The CRPA: California’s Second Take on Privacy Rights
Late last month the California Secretary of State certified the signatures required to put the California Privacy Rights Act (“CPRA”), or CCPA 2.0 as it has been alternatively dubbed, on the November ballot. The CPRA ballot initiative builds on the California Consumer Privacy Act (“CCPA”) that went into effect January 1 of this year and is intended to provide additional individual privacy rights and to eventually consolidate enforcement of the law into a single agency. Some of the more notably aspects of the CPRA include:
- Scope of Applicability of the CCPA. The definition of a “business” has been modified to both narrow and also expand those business that must comply with the privacy law. Specifically, one prong of applicability is now narrowed to require that a business must buy, sell, or share the information of 100,00, rather than 50,000, California residents. Alternatively, the scope is expanded by clarifying how commonly controlled organizations are brought within the scope of the CCPA by expounding upon the definition of common branding. The sharing of information from a CCPA covered business to a commonly controlled and commonly branded company, brings the latter under purview of the CCPA, where common branding means the use of trademarks or service marks in a manner that the average consumer would believe the businesses are commonly owned.
- Expansion of Individual Rights.
- Similar to the European Union’s General Data Protection Regulation (“GDPR”), the CPRA provides for an additional category of personal information, namely sensitive information. Sensitive information is an expansive subset of personal information and includes specific identification or financial account numbers, genetic information, and the processing of biometric information for identification of an individual, among others. Sensitive information is subject to additional protections where business must provide detailed notice to consumers regarding how the sensitive information is used and their right to limit such use, as well as requiring businesses to restrict how their service providers use the sensitive information.
- Also similar to the GDPR, the CPRA provides for a data minimization principle where the collection, use, and retention of personal information shall only be as “reasonably necessary and proportionate to achieve the purposes” that the personal information was collected for or disclosed to the individual.
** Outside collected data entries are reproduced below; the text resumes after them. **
(* Let $a, b \in \mathbb{R}$, $m, p \in \mathbb{R}^{+}$ and $k \in \mathbb{N}$. Define $$\mathcal{G}(k,m,a,b,p) = \int_0^\infty x^{k-1} Q_m(a, b\sqrt{x})\, e^{-px}\,{\rm d}x .$$ Then $$\mathcal{G}(k,m,a,b,p) = \frac{\Gamma(k)}{p^k} - \frac{\Gamma(k)\, b^{2m} e^{-\frac{a^2}{2}}}{p^k (b^2+2p)^m}\sum_{l=0}^{k-1}\frac{(m)_l (2p)^l}{l!\,(b^2+2p)^l}\, {}_1F_1\!\left(l+m; m; \frac{a^2b^2}{2b^2+4p}\right).$$
   Context: $Q_m(\alpha,\beta)$ is the generalized Marcum $Q$-function of (real, positive) order $m$, $Q_m(\alpha,\beta) = \alpha^{1-m}\int_\beta^\infty t^{m} e^{-(t^2+\alpha^2)/2} I_{m-1}(\alpha t)\,{\rm d}t$ (with the limiting value for $\alpha=0$), where $I_{\nu}$ is the modified Bessel function of the first kind. $\Gamma$ is the Euler Gamma function, $(x)_n=\Gamma(x+n)/\Gamma(x)$ is the Pochhammer symbol, and ${}_1F_1(\alpha;\gamma;z)=\sum_{l\ge 0}\frac{(\alpha)_l}{(\gamma)_l}\frac{z^l}{l!}$ is the Kummer confluent hypergeometric function. *)

theory Defs
  imports "HOL-Analysis.Analysis"
begin

definition bessel_I :: "real \<Rightarrow> real \<Rightarrow> real" where
  "bessel_I \<nu> z = (\<Sum>j. (z / 2) powr (2 * real j + \<nu>) / (fact j * Gamma (real j + \<nu> + 1)))"

text \<open>Generalized Marcum Q-function of real positive order m, literal integral for alpha > 0,
  limiting value at alpha = 0. The arguments enter through their absolute values
  (Q_m is defined for alpha, beta >= 0; the paper's formula depends only on a^2, b^2).\<close>
definition marcum_Q_pos :: "real \<Rightarrow> real \<Rightarrow> real \<Rightarrow> real" where
  "marcum_Q_pos m \<alpha> \<beta> =
     \<alpha> powr (1 - m) *
       (LINT t:{\<beta>..}|lborel. t powr m * exp (-(t\<^sup>2 + \<alpha>\<^sup>2) / 2) * bessel_I (m - 1) (\<alpha> * t))"

definition marcum_Q :: "real \<Rightarrow> real \<Rightarrow> real \<Rightarrow> real" where
  "marcum_Q m \<alpha> \<beta> =
     (if \<alpha> = 0 then Lim (at_right 0) (\<lambda>\<alpha>'. marcum_Q_pos m \<alpha>' \<bar>\<beta>\<bar>)
      else marcum_Q_pos m \<bar>\<alpha>\<bar> \<bar>\<beta>\<bar>)"

definition hyp1F1 :: "real \<Rightarrow> real \<Rightarrow> real \<Rightarrow> real" where
  "hyp1F1 \<alpha> \<gamma> z = (\<Sum>l. pochhammer \<alpha> l / pochhammer \<gamma> l * z ^ l / fact l)"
- The CPRA establishes a new administrative agency to be known as the California Privacy Protection Agency, which will be vested with full administrative power, authority, and jurisdiction to implement and enforce the CCPA. The agency would have rule making authority, as well as a directive to promote awareness of and provide guidance to consumers regarding their privacy rights.
If passed, the CPRA would take effect on January 1, 2023, and will apply to all information collected by businesses on or after January 1, 2022. Unlike the CCPA, if the CPRA is adopted by voters in November it can only be amended by the California legislature through normal processes if the amendments are “consistent with and further the purposes” of the CPRA. We will continue to update you with the progress of the CPRA.